WHAT IS EXPECTED →
How many of the lines below contain the word "auto"? Only the number is wanted.

RECORDS SHOWN →
lemma theta_square_identity_a1_b2:
  assumes "Im \<tau> > 0"
  shows "(theta a1 b2 \<tau> z)^2 + (theta 0 0 \<tau> z)^2 = (theta a1 0 \<tau> z)^2 + (theta 0 b2 \<tau> z)^2"
proof (rule theta_square_identity_of_involution[OF assms])
  show "a1 + (1/2) *\<^sub>R (d + isom_a1_b2 d) \<in> Lat" if lat: "d \<in> Lat" and odd: "chi b2 d = -1" for d
  proof -
    obtain x0 x1 x2 x3 where d: "d = ivec x0 x1 x2 x3"
      using lat by (rule Lat_ivecE)
    have "odd (2*x0 - x1)"
      using odd by (simp add: d chi_b2_ivec)
    then show ?thesis
      by (intro half_sum_in_Lat_ivecI[of _ _ "0" "0" "- x1 + 2*x2 + 1" "- x1 + 2*x3 + 1"])
         (simp add: d ivec_def isom_a1_b2_def a1_def vec_eq_4, auto)
  qed
qed (simp_all add: isom_a1_b2_def a1_def b2_def vec_eq_4 QR_def BR_def chi_def e_Ints Lat_iff halfLat_def forall_4 algebra_simps)

definition isom_a1_b3 :: "real ^ 4 \<Rightarrow> real ^ 4" where
  "isom_a1_b3 d = vec4 (- d$0) (- 2*d$0 + d$1) (- d$0 + d$3) (- d$0 + d$2)"

lemma theta_square_identity_a1_b3:
  assumes "Im \<tau> > 0"
  shows "(theta a1 b3 \<tau> z)^2 + (theta 0 0 \<tau> z)^2 = (theta a1 0 \<tau> z)^2 + (theta 0 b3 \<tau> z)^2"
proof (rule theta_square_identity_of_involution[OF assms])
  show "a1 + (1/2) *\<^sub>R (d + isom_a1_b3 d) \<in> Lat" if lat: "d \<in> Lat" and odd: "chi b3 d = -1" for d
  proof -
    obtain x0 x1 x2 x3 where d: "d = ivec x0 x1 x2 x3"
      using lat by (rule Lat_ivecE)
    have "odd (- x0 + 2*x1 - x2 - x3)"
      using odd by (simp add: d chi_b3_ivec)
    then show ?thesis
      by (intro half_sum_in_Lat_ivecI[of _ _ "0" "- 2*x0 + 2*x1" "- x0 + x2 + x3 + 1" "- x0 + x2 + x3 + 1"])
         (simp add: d ivec_def isom_a1_b3_def a1_def vec_eq_4, auto)
  qed
qed (simp_all add: isom_a1_b3_def a1_def b3_def vec_eq_4 QR_def BR_def chi_def e_Ints Lat_iff halfLat_def forall_4 algebra_simps)

definition isom_a2_b1 :: "real ^ 4 \<Rightarrow> real ^ 4" where
  "isom_a2_b1 d = vec4 (- d$1 + d$2 + d$3) (- d$1 + 2*d$2) (d$2) (d$0 - d$1 + d$2)"

lemma theta_square_identity_a2_b1:
  assumes "Im \<tau> > 0"
  shows "(theta a2 b1 \<tau> z)^2 + (theta 0 0 \<tau> z)^2 = (theta a2 0 \<tau> z)^2 + (theta 0 b1 \<tau> z)^2"
proof (rule theta_square_identity_of_involution[OF assms])
  show "a2 + (1/2) *\<^sub>R (d + isom_a2_b1 d) \<in> Lat" if lat: "d \<in> Lat" and odd: "chi b1 d = -1" for d
  proof -
    obtain x0 x1 x2 x3 where d: "d = ivec x0 x1 x2 x3"
      using lat by (rule Lat_ivecE)
    have "odd (x0 - x1 + x2 + x3)"
      using odd by (simp add: d chi_b1_ivec)
    then show ?thesis
      by (intro half_sum_in_Lat_ivecI[of _ _ "x0 - x1 + x2 + x3 + 1" "2*x2" "2*x2" "x0 - x1 + x2 + x3 + 1"])
         (simp add: d ivec_def isom_a2_b1_def a2_def vec_eq_4, auto)
  qed
qed (simp_all add: isom_a2_b1_def a2_def b1_def vec_eq_4 QR_def BR_def chi_def e_Ints Lat_iff halfLat_def forall_4 algebra_simps)

definition isom_a2_b2 :: "real ^ 4 \<Rightarrow> real ^ 4" where
  "isom_a2_b2 d = vec4 (d$0 - d$1) (- d$1) (- d$2) (- d$1 + d$3)"

lemma theta_square_identity_a2_b2:
  assumes "Im \<tau> > 0"
  shows "(theta a2 b2 \<tau> z)^2 + (theta 0 0 \<tau> z)^2 = (theta a2 0 \<tau> z)^2 + (theta 0 b2 \<tau> z)^2"
proof (rule theta_square_identity_of_involution[OF assms])
  show "a2 + (1/2) *\<^sub>R (d + isom_a2_b2 d) \<in> Lat" if lat: "d \<in> Lat" and odd: "chi b2 d = -1" for d
  proof -
    obtain x0 x1 x2 x3 where d: "d = ivec x0 x1 x2 x3"
      using lat by (rule Lat_ivecE)
    have "odd (2*x0 - x1)"
      using odd by (simp add: d chi_b2_ivec)
    then show ?thesis
      by (intro half_sum_in_Lat_ivecI[of _ _ "2*x0 - x1 + 1" "0" "0" "- x1 + 2*x3 + 1"])
         (simp add: d ivec_def isom_a2_b2_def a2_def vec_eq_4, auto)
  qed
qed (simp_all add: isom_a2_b2_def a2_def b2_def vec_eq_4 QR_def BR_def chi_def e_Ints Lat_iff halfLat_def forall_4 algebra_simps)

definition isom_a2_b3 :: "real ^ 4 \<Rightarrow> real ^ 4" where
  "isom_a2_b3 d = vec4 (d$2 - d$3) (- d$1 + 2*d$2) (d$2) (- d$0 + d$2)"

lemma theta_square_identity_a2_b3:
  assumes "Im \<tau> > 0"
  shows "(theta a2 b3 \<tau> z)^2 + (theta 0 0 \<tau> z)^2 = (theta a2 0 \<tau> z)^2 + (theta 0 b3 \<tau> z)^2"
proof (rule theta_square_identity_of_involution[OF assms])
  show "a2 + (1/2) *\<^sub>R (d + isom_a2_b3 d) \<in> Lat" if lat: "d \<in> Lat" and odd: "chi b3 d = -1" for d
  proof -
    obtain x0 x1 x2 x3 where d: "d = ivec x0 x1 x2 x3"
      using lat by (rule Lat_ivecE)
    have "odd (- x0 + 2*x1 - x2 - x3)"
      using odd by (simp add: d chi_b3_ivec)
    then show ?thesis
      by (intro half_sum_in_Lat_ivecI[of _ _ "x0 + x2 - x3 + 1" "2*x2" "2*x2" "- x0 + x2 + x3 + 1"])
         (simp add: d ivec_def isom_a2_b3_def a2_def vec_eq_4, auto)
  qed
qed (simp_all add: isom_a2_b3_def a2_def b3_def vec_eq_4 QR_def BR_def chi_def e_Ints Lat_iff halfLat_def forall_4 algebra_simps)

definition isom_a3_b1 :: "real ^ 4 \<Rightarrow> real ^ 4" where
  "isom_a3_b1 d = vec4 (d$1 - d$2 - d$3) (d$1 - 2*d$3) (- d$0 + d$1 - d$3) (- d$3)"

lemma theta_square_identity_a3_b1:
  assumes "Im \<tau> > 0"
  shows "(theta a3 b1 \<tau> z)^2 + (theta 0 0 \<tau> z)^2 = (theta a3 0 \<tau> z)^2 + (theta 0 b1 \<tau> z)^2"
proof (rule theta_square_identity_of_involution[OF assms])
  show "a3 + (1/2) *\<^sub>R (d + isom_a3_b1 d) \<in> Lat" if lat: "d \<in> Lat" and odd: "chi b1 d = -1" for d
  proof -
    obtain x0 x1 x2 x3 where d: "d = ivec x0 x1 x2 x3"
      using lat by (rule Lat_ivecE)
    have "odd (x0 - x1 + x2 + x3)"
      using odd by (simp add: d chi_b1_ivec)
    then show ?thesis
      by (intro half_sum_in_Lat_ivecI[of _ _ "x0 + x1 - x2 - x3 + 1" "2*x1 - 2*x3" "- x0 + x1 + x2 - x3 + 1" "0"])
         (simp add: d ivec_def isom_a3_b1_def a3_def vec_eq_4, auto)
  qed
qed (simp_all add: isom_a3_b1_def a3_def b1_def vec_eq_4 QR_def BR_def chi_def e_Ints Lat_iff halfLat_def forall_4 algebra_simps)

definition isom_a3_b2 :: "real ^ 4 \<Rightarrow> real ^ 4" where
  "isom_a3_b2 d = vec4 (d$0 - d$1) (- d$1) (- d$1 + d$2) (- d$3)"

lemma theta_square_identity_a3_b2:
  assumes "Im \<tau> > 0"
  shows "(theta a3 b2 \<tau> z)^2 + (theta 0 0 \<tau> z)^2 = (theta a3 0 \<tau> z)^2 + (theta 0 b2 \<tau> z)^2"
proof (rule theta_square_identity_of_involution[OF assms])
  show "a3 + (1/2) *\<^sub>R (d + isom_a3_b2 d) \<in> Lat" if lat: "d \<in> Lat" and odd: "chi b2 d = -1" for d
  proof -
    obtain x0 x1 x2 x3 where d: "d = ivec x0 x1 x2 x3"
      using lat by (rule Lat_ivecE)
    have "odd (2*x0 - x1)"
      using odd by (simp add: d chi_b2_ivec)
    then show ?thesis
      by (intro half_sum_in_Lat_ivecI[of _ _ "2*x0 - x1 + 1" "0" "- x1 + 2*x2 + 1" "0"])
         (simp add: d ivec_def isom_a3_b2_def a3_def vec_eq_4, auto)
  qed
qed (simp_all add: isom_a3_b2_def a3_def b2_def vec_eq_4 QR_def BR_def chi_def e_Ints Lat_iff halfLat_def forall_4 algebra_simps)

definition isom_a3_b3 :: "real ^ 4 \<Rightarrow> real ^ 4" where
  "isom_a3_b3 d = vec4 (- d$2 + d$3) (- d$1 + 2*d$3) (- d$0 + d$3) (d$3)"

lemma theta_square_identity_a3_b3:
  assumes "Im \<tau> > 0"
  shows "(theta a3 b3 \<tau> z)^2 + (theta 0 0 \<tau> z)^2 = (theta a3 0 \<tau> z)^2 + (theta 0 b3 \<tau> z)^2"
proof (rule theta_square_identity_of_involution[OF assms])
  show "a3 + (1/2) *\<^sub>R (d + isom_a3_b3 d) \<in> Lat" if lat: "d \<in> Lat" and odd: "chi b3 d = -1" for d
  proof -
    obtain x0 x1 x2 x3 where d: "d = ivec x0 x1 x2 x3"
      using lat by (rule Lat_ivecE)
    have "odd (- x0 + 2*x1 - x2 - x3)"
      using odd by (simp add: d chi_b3_ivec)
    then show ?thesis
      by (intro half_sum_in_Lat_ivecI[of _ _ "x0 - x2 + x3 + 1" "2*x3" "- x0 + x2 + x3 + 1" "2*x3"])
         (simp add: d ivec_def isom_a3_b3_def a3_def vec_eq_4, auto)
  qed
qed (simp_all add: isom_a3_b3_def a3_def b3_def vec_eq_4 QR_def BR_def chi_def e_Ints Lat_iff halfLat_def forall_4 algebra_simps)

lemma theta_add_Lat:
  assumes "l \<in> Lat"
  shows "theta (\<alpha> + l) \<beta> \<tau> z = chi \<beta> (- l) * theta \<alpha> \<beta> \<tau> z"
proof -
  have "theta (\<alpha> + l) \<beta> \<tau> z = (\<Sum>\<^sub>\<infinity>u\<in>Lat. chi \<beta> (u - l) * gauss \<tau> z (\<alpha> + u))"
    unfolding theta_eq_infsum
    by (rule infsum_reindex_bij_witness[of Lat "\<lambda>u. u - l" "\<lambda>v. v + l"])
       (auto simp: assms Lat_add Lat_diff ac_simps)
  also have "\<dots> = chi \<beta> (- l) * theta \<alpha> \<beta> \<tau> z"
    by (simp add: theta_eq_infsum chi_diff mult_ac flip: infsum_cmult_right')
  finally show ?thesis .
qed

lemma theta_square_add_Lat:
  assumes "l \<in> Lat" and "\<beta> \<in> halfLat"
  shows "(theta (\<alpha> + l) \<beta> \<tau> z)^2 = (theta \<alpha> \<beta> \<tau> z)^2"
  using chi_halfLat_cases[OF assms(2) Lat_minus[OF assms(1)]]
  by (auto simp: theta_add_Lat[OF assms(1)] power_mult_distrib)

lemma theta_add_Lsharp:
  assumes "h \<in> Lsharp"
  shows "theta \<alpha> (\<beta> + h) \<tau> z = theta \<alpha> \<beta> \<tau> z"
  unfolding theta_eq_infsum by (rule infsum_cong) (simp add: chi_add_left chi_Lsharp_eq_one[OF assms])

lemma theta_square_identity_Aset_Bset:
  assumes "Im \<tau> > 0" and "a \<in> Aset" and "b \<in> Bset"
  shows "(theta a b \<tau> z)^2 + (theta 0 0 \<tau> z)^2 = (theta a 0 \<tau> z)^2 + (theta 0 b \<tau> z)^2"
  using assms(2,3) theta_square_identity_a1_b1[OF assms(1)] theta_square_identity_a1_b2[OF assms(1)]
    theta_square_identity_a1_b3[OF assms(1)] theta_square_identity_a2_b1[OF assms(1)]
    theta_square_identity_a2_b2[OF assms(1)] theta_square_identity_a2_b3[OF assms(1)]
    theta_square_identity_a3_b1[OF assms(1)] theta_square_identity_a3_b2[OF assms(1)]
    theta_square_identity_a3_b3[OF assms(1)]
  unfolding Aset_eq Bset_eq by (auto simp: add.commute)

SOLUTION TO THIS EXERCISE →
11